* [YOUR ASSIGNMENT]: Only one stretch of the records below should be repeated. It starts with the line containing "using assms(2,3) fg" and goes on through the line containing "using assms(4) fg(3,4) fg_eq", exactly as written.

(Collected data)
※

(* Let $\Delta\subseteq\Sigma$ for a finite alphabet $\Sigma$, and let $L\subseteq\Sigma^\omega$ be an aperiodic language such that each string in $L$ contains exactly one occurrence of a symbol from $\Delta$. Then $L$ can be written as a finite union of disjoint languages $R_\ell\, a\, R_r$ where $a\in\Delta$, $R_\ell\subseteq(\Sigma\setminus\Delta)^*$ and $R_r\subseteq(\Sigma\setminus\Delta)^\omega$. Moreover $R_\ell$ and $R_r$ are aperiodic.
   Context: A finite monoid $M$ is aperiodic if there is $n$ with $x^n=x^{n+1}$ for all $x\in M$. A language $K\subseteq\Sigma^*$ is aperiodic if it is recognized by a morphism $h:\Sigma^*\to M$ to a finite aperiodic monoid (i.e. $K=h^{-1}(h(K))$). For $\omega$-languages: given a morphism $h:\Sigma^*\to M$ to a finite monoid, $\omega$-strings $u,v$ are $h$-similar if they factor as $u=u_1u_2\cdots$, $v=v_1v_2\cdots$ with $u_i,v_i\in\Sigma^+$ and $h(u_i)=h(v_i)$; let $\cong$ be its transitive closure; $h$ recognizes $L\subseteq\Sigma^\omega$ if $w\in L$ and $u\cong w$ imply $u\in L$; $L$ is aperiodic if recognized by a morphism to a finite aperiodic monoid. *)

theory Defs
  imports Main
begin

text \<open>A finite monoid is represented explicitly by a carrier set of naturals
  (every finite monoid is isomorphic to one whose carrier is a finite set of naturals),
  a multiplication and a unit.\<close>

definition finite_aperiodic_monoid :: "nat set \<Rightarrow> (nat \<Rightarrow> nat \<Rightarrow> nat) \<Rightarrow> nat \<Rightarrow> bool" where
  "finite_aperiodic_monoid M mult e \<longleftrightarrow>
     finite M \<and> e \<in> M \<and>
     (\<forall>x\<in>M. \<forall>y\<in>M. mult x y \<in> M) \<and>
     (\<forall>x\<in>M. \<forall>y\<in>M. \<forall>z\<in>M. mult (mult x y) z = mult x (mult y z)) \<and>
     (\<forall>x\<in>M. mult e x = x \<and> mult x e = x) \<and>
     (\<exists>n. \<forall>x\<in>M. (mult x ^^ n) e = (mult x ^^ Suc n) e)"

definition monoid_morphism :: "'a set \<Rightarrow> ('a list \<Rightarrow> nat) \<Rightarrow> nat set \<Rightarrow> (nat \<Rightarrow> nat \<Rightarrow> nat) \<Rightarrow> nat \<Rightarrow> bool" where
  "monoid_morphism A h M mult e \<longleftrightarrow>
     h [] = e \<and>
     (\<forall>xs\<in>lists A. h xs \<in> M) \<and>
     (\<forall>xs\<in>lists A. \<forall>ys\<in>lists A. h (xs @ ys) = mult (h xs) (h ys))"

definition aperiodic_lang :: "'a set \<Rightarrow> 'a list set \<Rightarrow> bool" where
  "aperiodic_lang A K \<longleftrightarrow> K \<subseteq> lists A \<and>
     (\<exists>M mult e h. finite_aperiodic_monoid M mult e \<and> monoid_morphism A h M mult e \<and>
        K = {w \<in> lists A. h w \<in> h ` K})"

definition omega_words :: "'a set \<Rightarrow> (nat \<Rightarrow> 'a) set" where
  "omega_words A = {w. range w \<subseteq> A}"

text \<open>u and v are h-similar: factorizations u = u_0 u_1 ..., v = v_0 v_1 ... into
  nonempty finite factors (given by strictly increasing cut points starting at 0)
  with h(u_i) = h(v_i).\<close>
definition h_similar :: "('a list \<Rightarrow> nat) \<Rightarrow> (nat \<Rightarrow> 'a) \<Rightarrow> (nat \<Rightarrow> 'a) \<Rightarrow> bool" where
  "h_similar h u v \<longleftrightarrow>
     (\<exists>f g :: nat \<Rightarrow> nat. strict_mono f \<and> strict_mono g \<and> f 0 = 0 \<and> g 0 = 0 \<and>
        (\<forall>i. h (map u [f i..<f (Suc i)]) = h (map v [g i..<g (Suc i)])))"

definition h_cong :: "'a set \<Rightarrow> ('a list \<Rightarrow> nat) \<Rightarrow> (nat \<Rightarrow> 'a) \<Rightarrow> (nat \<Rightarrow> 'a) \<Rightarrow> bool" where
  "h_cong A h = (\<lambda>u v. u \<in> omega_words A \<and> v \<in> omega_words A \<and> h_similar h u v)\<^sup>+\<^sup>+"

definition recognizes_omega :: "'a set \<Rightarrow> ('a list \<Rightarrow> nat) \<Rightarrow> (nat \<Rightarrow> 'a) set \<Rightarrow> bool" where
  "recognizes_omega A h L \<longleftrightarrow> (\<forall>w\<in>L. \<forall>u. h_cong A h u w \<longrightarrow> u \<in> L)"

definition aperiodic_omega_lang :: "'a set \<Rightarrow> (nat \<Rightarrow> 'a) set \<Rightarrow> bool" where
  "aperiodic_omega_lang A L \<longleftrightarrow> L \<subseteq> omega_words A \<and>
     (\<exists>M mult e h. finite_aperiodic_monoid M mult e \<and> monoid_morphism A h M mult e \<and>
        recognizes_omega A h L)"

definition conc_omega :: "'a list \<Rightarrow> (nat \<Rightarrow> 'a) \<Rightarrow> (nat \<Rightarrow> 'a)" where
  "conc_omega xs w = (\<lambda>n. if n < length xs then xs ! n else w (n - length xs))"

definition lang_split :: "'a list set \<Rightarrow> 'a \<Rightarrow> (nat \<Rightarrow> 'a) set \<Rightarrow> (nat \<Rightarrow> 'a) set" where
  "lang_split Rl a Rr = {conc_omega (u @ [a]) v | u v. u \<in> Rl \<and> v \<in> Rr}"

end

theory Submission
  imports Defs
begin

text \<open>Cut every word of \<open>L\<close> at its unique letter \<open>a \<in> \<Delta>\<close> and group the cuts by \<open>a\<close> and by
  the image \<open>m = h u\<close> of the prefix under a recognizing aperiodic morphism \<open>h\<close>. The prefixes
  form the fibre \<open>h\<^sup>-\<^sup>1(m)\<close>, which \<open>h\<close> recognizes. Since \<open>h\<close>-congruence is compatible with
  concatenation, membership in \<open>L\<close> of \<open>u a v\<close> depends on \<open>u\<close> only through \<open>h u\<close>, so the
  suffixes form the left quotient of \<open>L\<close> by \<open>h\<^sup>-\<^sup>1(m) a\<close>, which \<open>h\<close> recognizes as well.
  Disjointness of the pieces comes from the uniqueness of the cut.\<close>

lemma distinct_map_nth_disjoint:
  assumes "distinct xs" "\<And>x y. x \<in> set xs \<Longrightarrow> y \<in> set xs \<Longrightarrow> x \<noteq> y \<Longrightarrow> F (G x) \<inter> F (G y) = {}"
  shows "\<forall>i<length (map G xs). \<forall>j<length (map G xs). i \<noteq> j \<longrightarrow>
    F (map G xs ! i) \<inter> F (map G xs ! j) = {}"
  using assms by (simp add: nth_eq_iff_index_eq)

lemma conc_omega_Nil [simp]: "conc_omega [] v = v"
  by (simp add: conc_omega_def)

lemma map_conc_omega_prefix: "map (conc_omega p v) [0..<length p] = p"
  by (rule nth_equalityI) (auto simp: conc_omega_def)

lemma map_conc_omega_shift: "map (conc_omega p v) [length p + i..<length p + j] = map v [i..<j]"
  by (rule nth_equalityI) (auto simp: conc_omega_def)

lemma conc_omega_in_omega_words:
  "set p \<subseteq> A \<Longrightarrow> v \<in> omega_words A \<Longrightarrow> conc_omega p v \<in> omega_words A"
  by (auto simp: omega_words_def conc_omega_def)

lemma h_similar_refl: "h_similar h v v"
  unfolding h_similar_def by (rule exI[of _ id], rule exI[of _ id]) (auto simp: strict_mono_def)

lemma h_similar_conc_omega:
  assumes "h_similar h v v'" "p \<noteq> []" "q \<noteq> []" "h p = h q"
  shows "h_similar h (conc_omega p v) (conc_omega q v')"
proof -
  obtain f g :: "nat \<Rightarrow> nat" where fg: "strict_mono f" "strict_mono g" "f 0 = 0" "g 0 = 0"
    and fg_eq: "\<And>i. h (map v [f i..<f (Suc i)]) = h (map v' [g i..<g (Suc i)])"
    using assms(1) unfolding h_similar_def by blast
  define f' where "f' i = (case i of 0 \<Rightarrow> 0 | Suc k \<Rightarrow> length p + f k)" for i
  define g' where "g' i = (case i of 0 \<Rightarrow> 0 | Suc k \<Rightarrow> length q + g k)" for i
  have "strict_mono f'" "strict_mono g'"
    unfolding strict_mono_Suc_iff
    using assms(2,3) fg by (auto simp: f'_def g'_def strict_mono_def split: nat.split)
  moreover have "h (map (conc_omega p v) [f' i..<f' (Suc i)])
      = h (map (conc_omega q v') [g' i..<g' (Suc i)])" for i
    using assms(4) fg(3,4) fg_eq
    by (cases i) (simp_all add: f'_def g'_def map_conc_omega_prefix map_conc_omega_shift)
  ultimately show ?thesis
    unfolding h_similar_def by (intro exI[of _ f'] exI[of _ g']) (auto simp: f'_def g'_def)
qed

※

* [RESPONSE TO THE EXERCISE]:
    using assms(2,3) fg by (auto simp: f'_def g'_def strict_mono_def split: nat.split)
  moreover have "h (map (conc_omega p v) [f' i..<f' (Suc i)])
      = h (map (conc_omega q v') [g' i..<g' (Suc i)])" for i
    using assms(4) fg(3,4) fg_eq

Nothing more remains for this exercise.